DATASET RECORDS:
---*---

lemma grad_hull_multipliers:
  assumes \<xi>: "\<xi> \<in> grad_hull Iz q f m g x"
    and lipf: "\<forall>i<q. lipschitz_cont_vars Iz (f i)" and lipg: "\<forall>j<m. lipschitz_cont_vars Iz (g j)"
  obtains \<sigma> lam :: "nat \<Rightarrow> real" and vf vg where "\<forall>i<q. 0 \<le> \<sigma> i" and "\<forall>j<m. 0 \<le> lam j"
    and "\<forall>j<m. g j x \<noteq> 0 \<longrightarrow> lam j = 0" and "(\<Sum>i<q. \<sigma> i) + (\<Sum>j<m. lam j) = 1"
    and "\<forall>i<q. vf i \<in> clarke_grad Iz (f i) x" and "\<forall>j<m. vg j \<in> clarke_grad Iz (g j) x"
    and "\<xi> = (\<Sum>i<q. \<sigma> i *\<^sub>R vf i) + (\<Sum>j<m. lam j *\<^sub>R vg j)"
proof -
  let ?A = "active_constraints m g x"
  note lip = lipschitz_cont_vars_crit_indices[OF lipf lipg]
  have "grad_hull Iz q f m g x = {\<Sum>k\<in>crit_indices q m g x. c k *\<^sub>R s k | c s.
      (\<forall>k\<in>crit_indices q m g x. 0 \<le> c k) \<and> sum c (crit_indices q m g x) = 1 \<and>
      (\<forall>k\<in>crit_indices q m g x. s k \<in> clarke_grad Iz (case_sum f g k) x)}"
    unfolding grad_hull_def
    by (intro convex_hull_finite_union finite_crit_indices ballI conjI convex_clarke_grad
        clarke_grad_nonempty lip)
  with \<xi> obtain c s where c: "\<forall>k\<in>crit_indices q m g x. 0 \<le> c k"
    and c1: "sum c (crit_indices q m g x) = 1"
    and s: "\<forall>k\<in>crit_indices q m g x. s k \<in> clarke_grad Iz (case_sum f g k) x"
    and \<xi>_eq: "\<xi> = (\<Sum>k\<in>crit_indices q m g x. c k *\<^sub>R s k)"
    by blast
  have sf: "\<forall>i<q. s (Inl i) \<in> clarke_grad Iz (f i) x"
    and sg: "\<forall>j\<in>?A. s (Inr j) \<in> clarke_grad Iz (g j) x"
    using s unfolding crit_indices_def ball_Un Ball_image_comp by (simp_all add: comp_def)
  define lam where "lam j = (if j \<in> ?A then c (Inr j) else 0)" for j
  define vg where "vg j = (if j \<in> ?A then s (Inr j) else (SOME v. v \<in> clarke_grad Iz (g j) x))" for j
  show thesis
  proof
    show "\<forall>i<q. 0 \<le> c (Inl i)" and "\<forall>j<m. 0 \<le> lam j" and "\<forall>j<m. g j x \<noteq> 0 \<longrightarrow> lam j = 0"
      using c by (auto simp: lam_def crit_indices_def active_constraints_def)
    show "(\<Sum>i<q. c (Inl i)) + (\<Sum>j<m. lam j) = 1"
      using c1 by (simp add: sum_crit_indices lam_def)
    show "\<forall>i<q. s (Inl i) \<in> clarke_grad Iz (f i) x"
      by (rule sf)
    show "\<forall>j<m. vg j \<in> clarke_grad Iz (g j) x"
    proof (intro allI impI)
      fix j assume "j < m"
      with lipg have "clarke_grad Iz (g j) x \<noteq> {}"
        by (simp add: clarke_grad_nonempty)
      with sg show "vg j \<in> clarke_grad Iz (g j) x"
        by (simp add: vg_def some_in_eq)
    qed
    show "\<xi> = (\<Sum>i<q. c (Inl i) *\<^sub>R s (Inl i)) + (\<Sum>j<m. lam j *\<^sub>R vg j)"
      unfolding \<xi>_eq sum_crit_indices by (auto intro: sum.cong simp: lam_def vg_def)
  qed
qed

lemma weighted_sum_neg:
  fixes w y :: "'a \<Rightarrow> real"
  assumes "finite A" and w: "\<forall>j\<in>A. 0 \<le> w j" and "sum w A = 1"
    and y: "\<forall>j\<in>A. w j \<noteq> 0 \<longrightarrow> y j < 0"
  shows "(\<Sum>j\<in>A. w j * y j) < 0"
proof -
  have "\<not> (\<forall>j\<in>A. w j = 0)"
    using \<open>sum w A = 1\<close> by (metis sum.neutral zero_neq_one)
  then obtain j0 where "j0 \<in> A" and "w j0 \<noteq> 0"
    by blast
  have "(\<Sum>j\<in>A. w j * y j) < (\<Sum>j\<in>A. 0)"
  proof (rule sum_strict_mono_ex1[OF \<open>finite A\<close>])
    show "\<forall>j\<in>A. w j * y j \<le> 0"
      using w y by (metis less_imp_le mult_eq_0_iff mult_nonneg_nonpos order_refl)
    show "\<exists>j\<in>A. w j * y j < 0"
      using \<open>j0 \<in> A\<close> \<open>w j0 \<noteq> 0\<close> w y by (intro bexI[of _ j0] mult_pos_neg) auto
  qed
  then show ?thesis by simp
qed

---*---

EXERCISE GOAL: Give back each record, exactly as it reads.

EXPECTED OUTPUT:
lemma grad_hull_multipliers:
  assumes \<xi>: "\<xi> \<in> grad_hull Iz q f m g x"
    and lipf: "\<forall>i<q. lipschitz_cont_vars Iz (f i)" and lipg: "\<forall>j<m. lipschitz_cont_vars Iz (g j)"
  obtains \<sigma> lam :: "nat \<Rightarrow> real" and vf vg where "\<forall>i<q. 0 \<le> \<sigma> i" and "\<forall>j<m. 0 \<le> lam j"
    and "\<forall>j<m. g j x \<noteq> 0 \<longrightarrow> lam j = 0" and "(\<Sum>i<q. \<sigma> i) + (\<Sum>j<m. lam j) = 1"
    and "\<forall>i<q. vf i \<in> clarke_grad Iz (f i) x" and "\<forall>j<m. vg j \<in> clarke_grad Iz (g j) x"
    and "\<xi> = (\<Sum>i<q. \<sigma> i *\<^sub>R vf i) + (\<Sum>j<m. lam j *\<^sub>R vg j)"
proof -
  let ?A = "active_constraints m g x"
  note lip = lipschitz_cont_vars_crit_indices[OF lipf lipg]
  have "grad_hull Iz q f m g x = {\<Sum>k\<in>crit_indices q m g x. c k *\<^sub>R s k | c s.
      (\<forall>k\<in>crit_indices q m g x. 0 \<le> c k) \<and> sum c (crit_indices q m g x) = 1 \<and>
      (\<forall>k\<in>crit_indices q m g x. s k \<in> clarke_grad Iz (case_sum f g k) x)}"
    unfolding grad_hull_def
    by (intro convex_hull_finite_union finite_crit_indices ballI conjI convex_clarke_grad
        clarke_grad_nonempty lip)
  with \<xi> obtain c s where c: "\<forall>k\<in>crit_indices q m g x. 0 \<le> c k"
    and c1: "sum c (crit_indices q m g x) = 1"
    and s: "\<forall>k\<in>crit_indices q m g x. s k \<in> clarke_grad Iz (case_sum f g k) x"
    and \<xi>_eq: "\<xi> = (\<Sum>k\<in>crit_indices q m g x. c k *\<^sub>R s k)"
    by blast
  have sf: "\<forall>i<q. s (Inl i) \<in> clarke_grad Iz (f i) x"
    and sg: "\<forall>j\<in>?A. s (Inr j) \<in> clarke_grad Iz (g j) x"
    using s unfolding crit_indices_def ball_Un Ball_image_comp by (simp_all add: comp_def)
  define lam where "lam j = (if j \<in> ?A then c (Inr j) else 0)" for j
  define vg where "vg j = (if j \<in> ?A then s (Inr j) else (SOME v. v \<in> clarke_grad Iz (g j) x))" for j
  show thesis
  proof
    show "\<forall>i<q. 0 \<le> c (Inl i)" and "\<forall>j<m. 0 \<le> lam j" and "\<forall>j<m. g j x \<noteq> 0 \<longrightarrow> lam j = 0"
      using c by (auto simp: lam_def crit_indices_def active_constraints_def)
    show "(\<Sum>i<q. c (Inl i)) + (\<Sum>j<m. lam j) = 1"
      using c1 by (simp add: sum_crit_indices lam_def)
    show "\<forall>i<q. s (Inl i) \<in> clarke_grad Iz (f i) x"
      by (rule sf)
    show "\<forall>j<m. vg j \<in> clarke_grad Iz (g j) x"
    proof (intro allI impI)
      fix j assume "j < m"
      with lipg have "clarke_grad Iz (g j) x \<noteq> {}"
        by (simp add: clarke_grad_nonempty)
      with sg show "vg j \<in> clarke_grad Iz (g j) x"
        by (simp add: vg_def some_in_eq)
    qed
    show "\<xi> = (\<Sum>i<q. c (Inl i) *\<^sub>R s (Inl i)) + (\<Sum>j<m. lam j *\<^sub>R vg j)"
      unfolding \<xi>_eq sum_crit_indices by (auto intro: sum.cong simp: lam_def vg_def)
  qed
qed

lemma weighted_sum_neg:
  fixes w y :: "'a \<Rightarrow> real"
  assumes "finite A" and w: "\<forall>j\<in>A. 0 \<le> w j" and "sum w A = 1"
    and y: "\<forall>j\<in>A. w j \<noteq> 0 \<longrightarrow> y j < 0"
  shows "(\<Sum>j\<in>A. w j * y j) < 0"
proof -
  have "\<not> (\<forall>j\<in>A. w j = 0)"
    using \<open>sum w A = 1\<close> by (metis sum.neutral zero_neq_one)
  then obtain j0 where "j0 \<in> A" and "w j0 \<noteq> 0"
    by blast
  have "(\<Sum>j\<in>A. w j * y j) < (\<Sum>j\<in>A. 0)"
  proof (rule sum_strict_mono_ex1[OF \<open>finite A\<close>])
    show "\<forall>j\<in>A. w j * y j \<le> 0"
      using w y by (metis less_imp_le mult_eq_0_iff mult_nonneg_nonpos order_refl)
    show "\<exists>j\<in>A. w j * y j < 0"
      using \<open>j0 \<in> A\<close> \<open>w j0 \<noteq> 0\<close> w y by (intro bexI[of _ j0] mult_pos_neg) auto
  qed
  then show ?thesis by simp
qed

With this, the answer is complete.